Shameless Wikipedia pillaging

If you're used to unit testing, this may look reasonable.

public class TestAdder {
    public void testSum() {
        Adder adder = new AdderImpl();
        assert(adder.add(1, 1) == 2);
        assert(adder.add(1, 2) == 3);
        assert(adder.add(2, 2) == 4);
        assert(adder.add(0, 0) == 0);
        assert(adder.add(-1, -2) == -3);
        assert(adder.add(-1, 1) == 0);
        assert(adder.add(1234, 988) == 2222);
    }
}

The "real world" adds tons of cruft: mock objects, preprocessor abuse to expose "test seams", etc.

Problem: unit testing is only as good as your patience

The example from the previous slide contains 7 tests.

It's not hard to imagine a world in which we lose the will to continue inventing new unit tests long before we've exhausted our search of the space of possible bugs.

Let's sort a list

mergeSort :: (a -> a -> Bool) -> [a] -> [a]
mergeSort pred = go
  where
    go []  = []
    go [x] = [x]
    go xs  = merge (go xs1) (go xs2)
      where (xs1,xs2) = split xs

    merge xs [] = xs
    merge [] ys = ys
    merge (x:xs) (y:ys)
      | pred x y  = x : merge xs (y:ys)
      | otherwise = y : merge (x:xs) ys

The split function

The purpose of splitting is to produce two sublists of roughly equal length, so that they can be merged (where the sorting occurs).

split :: [a] -> ([a],[a])
split []       = ([],[])
split [x]      = ([x],[])
split (x:y:zs) = (x:xs,y:ys)
  where (xs,ys) = split zs

Sorting: a unit test perspective

sort [1,2,3,4] == [1,2,3,4]
sort [4,3,2,1] == [1,2,3,4]
sort [1,4,2,3] == [1,2,3,4]
...

This gets a little dull.

Let's talk about properties

A property is nothing more than a predicate that should always hold.

What's an obvious property for sorts?

t_idempotent = sort . sort == sort

We can't define this, since we can't compare functions for equality.

However, we can cheat:

t_idempotent xs = 
    sort (sort xs) == sort xs

Why don't we do it in the interpreter

t_idempotent [3,2,1]

Okay! Let's mechanize some exhaustive testing.

To exhaustively test over all lists containing the above elements, we need some help.

import Data.List (permutations)

t_permute :: ([a] -> Bool) -> [a] -> Bool
t_permute prop = all prop . permutations

Over what list sizes is this practical?

Exhausted testing?

Clearly, exhaustive testing is impractical for most interesting purposes.

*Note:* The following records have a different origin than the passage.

(* Let $A$ be a finite-dimensional semisimple $\mathbb Z_2$-graded algebra over $\mathbb C$ and $B\subset A$ a semisimple graded subalgebra. Then the graded centralizer $Z(A,B)$ equals the ordinary centralizer $Z(A_0,B_0)=\{a\in A_0: ab=ba \text{ for all } b\in B_0\}$ of the even part $B_0$ in the even part $A_0$.
   Context: For a $\mathbb Z_2$-graded algebra $A=A_0\oplus A_1$, the parity automorphism $\theta$ acts as $+1$ on $A_0$ and $-1$ on $A_1$. For a graded subalgebra $B$ (with $B_i=B\cap A_i$), the graded centralizer is $Z(A,B)=Z_0(|A|,|B|)+Z_0^\theta(|A|,|B|)$, where $Z_0(|A|,|B|)=\{a\in A_0: ab=ba\ \forall b\in B\}$ and $Z_0^\theta(|A|,|B|)=\{a\in A_0: ab=\theta(b)a\ \forall b\in B\}$. Semisimplicity of a graded algebra: every two-sided graded ideal has a graded complementary two-sided ideal (for finite-dimensional algebras this is equivalent to ordinary semisimplicity). *)

theory Defs
  imports Complex_Main
begin

text \<open>A (unital, associative) algebra over the complex numbers: the carrier is the
  whole type 'a (a ring with 1), and s is a complex scalar multiplication making 'a a
  complex vector space, compatible with the multiplication.\<close>
definition cplx_algebra :: "(complex \<Rightarrow> 'a::ring_1 \<Rightarrow> 'a) \<Rightarrow> bool" where
  "cplx_algebra s \<longleftrightarrow> vector_space s \<and>
     (\<forall>c x y. s c (x * y) = s c x * y \<and> s c (x * y) = x * s c y)"

definition fin_dim :: "(complex \<Rightarrow> 'a::ring_1 \<Rightarrow> 'a) \<Rightarrow> bool" where
  "fin_dim s \<longleftrightarrow> (\<exists>S. finite S \<and> module.span s S = UNIV)"

definition graded_algebra :: "(complex \<Rightarrow> 'a::ring_1 \<Rightarrow> 'a) \<Rightarrow> 'a set \<Rightarrow> 'a set \<Rightarrow> bool" where
  "graded_algebra s A0 A1 \<longleftrightarrow> cplx_algebra s \<and>
     module.subspace s A0 \<and> module.subspace s A1 \<and> A0 \<inter> A1 = {0} \<and>
     (\<forall>x. \<exists>u\<in>A0. \<exists>v\<in>A1. x = u + v) \<and>
     (\<forall>x\<in>A0. \<forall>y\<in>A0. x * y \<in> A0) \<and> (\<forall>x\<in>A0. \<forall>y\<in>A1. x * y \<in> A1) \<and>
     (\<forall>x\<in>A1. \<forall>y\<in>A0. x * y \<in> A1) \<and> (\<forall>x\<in>A1. \<forall>y\<in>A1. x * y \<in> A0)"

definition graded_subset :: "'a::ring_1 set \<Rightarrow> 'a set \<Rightarrow> 'a set \<Rightarrow> bool" where
  "graded_subset A0 A1 S \<longleftrightarrow> (\<forall>x\<in>S. \<exists>u\<in>S \<inter> A0. \<exists>v\<in>S \<inter> A1. x = u + v)"

definition graded_subalgebra :: "(complex \<Rightarrow> 'a::ring_1 \<Rightarrow> 'a) \<Rightarrow> 'a set \<Rightarrow> 'a set \<Rightarrow> 'a set \<Rightarrow> bool" where
  "graded_subalgebra s A0 A1 B \<longleftrightarrow> module.subspace s B \<and> 1 \<in> B \<and>
     (\<forall>x\<in>B. \<forall>y\<in>B. x * y \<in> B) \<and> graded_subset A0 A1 B"

definition ideal_in :: "(complex \<Rightarrow> 'a::ring_1 \<Rightarrow> 'a) \<Rightarrow> 'a set \<Rightarrow> 'a set \<Rightarrow> bool" where
  "ideal_in s B I \<longleftrightarrow> module.subspace s I \<and> I \<subseteq> B \<and>
     (\<forall>b\<in>B. \<forall>x\<in>I. b * x \<in> I \<and> x * b \<in> I)"

definition graded_semisimple :: "(complex \<Rightarrow> 'a::ring_1 \<Rightarrow> 'a) \<Rightarrow> 'a set \<Rightarrow> 'a set \<Rightarrow> 'a set \<Rightarrow> bool" where
  "graded_semisimple s A0 A1 B \<longleftrightarrow>
     (\<forall>I. ideal_in s B I \<and> graded_subset A0 A1 I \<longrightarrow>
        (\<exists>J. ideal_in s B J \<and> graded_subset A0 A1 J \<and> I \<inter> J = {0} \<and>
             B = {x + y | x y. x \<in> I \<and> y \<in> J}))"

text \<open>Parity automorphism theta: +1 on A0, -1 on A1.\<close>
definition even_part :: "'a::ring_1 set \<Rightarrow> 'a set \<Rightarrow> 'a \<Rightarrow> 'a" where
  "even_part A0 A1 x = (THE u. u \<in> A0 \<and> x - u \<in> A1)"

definition parity :: "'a::ring_1 set \<Rightarrow> 'a set \<Rightarrow> 'a \<Rightarrow> 'a" where
  "parity A0 A1 x = even_part A0 A1 x - (x - even_part A0 A1 x)"

definition Z0 :: "'a::ring_1 set \<Rightarrow> 'a set \<Rightarrow> 'a set" where
  "Z0 A0 B = {a \<in> A0. \<forall>b\<in>B. a * b = b * a}"

definition Z0_theta :: "'a::ring_1 set \<Rightarrow> 'a set \<Rightarrow> 'a set \<Rightarrow> 'a set" where
  "Z0_theta A0 A1 B = {a \<in> A0. \<forall>b\<in>B. a * b = parity A0 A1 b * a}"

definition graded_centralizer :: "'a::ring_1 set \<Rightarrow> 'a set \<Rightarrow> 'a set \<Rightarrow> 'a set" where
  "graded_centralizer A0 A1 B = {x + y | x y. x \<in> Z0 A0 B \<and> y \<in> Z0_theta A0 A1 B}"

end

theory Submission
  imports Defs
begin

(* Every element of the graded centralizer is even and commutes with B0,
   since the parity map is the identity on B0; this is the easy inclusion.
   Conversely let a \<in> A0 commute with B0.  The subspace I spanned by B1 and B1*B1 is a graded
   two-sided ideal of B; graded semisimplicity of B provides a complementary ideal J, and
   splitting 1 = e + f along B = I + J yields an element f \<in> B0 that is central in B and
   annihilates B1, while e lies in the span of B1*B1 and acts as the identity on B1.
   Writing e = \<Sum> u_i v_i with u_i, v_i \<in> B1, the "twisted" element p = \<Sum> u_i a v_i is even,
   commutes with B0 and satisfies p b = b a, b p = a b for b \<in> B1.  Hence
   a = a f + (a e + p)/2 + (a e - p)/2 with the first two summands in Z0 and the last in Z0^\<theta>. *)

locale cplx_alg =
  fixes s :: "complex \<Rightarrow> 'a::ring_1 \<Rightarrow> 'a"
  assumes alg: "cplx_algebra s"
begin

sublocale vector_space s
  using alg by (simp add: cplx_algebra_def)

lemma scale_mult_left [simp]: "s c x * y = s c (x * y)"
  using alg by (simp add: cplx_algebra_def)

lemma scale_mult_right [simp]: "x * s c y = s c (x * y)"
  using alg by (metis cplx_algebra_def)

The insight of QuickCheck:

Combine property-based testing with randomly generated data.
This obviously can't give us the same assurance as exhaustive testing, but it's practical.
We can choose the amount of data to throw at our properties.
This lets us tune the tradeoff between degree of assurance and cost.

Let's give it a try

At the ghci prompt:

>> import Test.QuickCheck
>> quickCheck (t_idempotent compare)
+++ OK, passed 100 tests.

As the output suggests, QuickCheck generated 100 random lists, and tested our property over them.

Yay!

Something funky is going on

The type of compare is polymorphic:

>> :type t_idempotent compare
t_idempotent compare :: Ord a => [a] -> Bool

So how are we able to generate a list?

Type defaulting - a recap

Haskell's usual defaulting rules take each group of constraints (C1 a, C2 a, ..., Cn a) for each type variable a, and defaults the type variable if all of the following conditions hold:

The type variable a appears in no other constraints.
All the classes Ci are standard.
At least one of the classes Ci is numeric.

That's not enough for us lazy programmers!

To reduce the number of types we're forced to specify by hand, ghci relaxes the standard rules (changes in italics):

The type variable a appears in no other constraints. Unchanged.
All the classes Ci are standard, and all are single-parameter type classes.
At least one of the classes Ci is numeric, or is Show, Eq, or Ord.

It also adds another critical step when defaulting:

The type () becomes the first of the the standard list of types tried when doing type defaulting.

Peek inside

We can use the verboseCheck function to see all the test data that QuickCheck is generating for us.

>> verboseCheck (t_idempotent compare)

Notice that we have endless lists of ()?

Our supposedly reassuring test isn't very useful!

Polymorphic testing

When we're testing a polymorphic property, we need to specify which concrete type we're testing at.

>> import Data.Word (Word8)
>> verboseCheck (t_idempotent (compare :: Word8 -> Word8 -> Ordering))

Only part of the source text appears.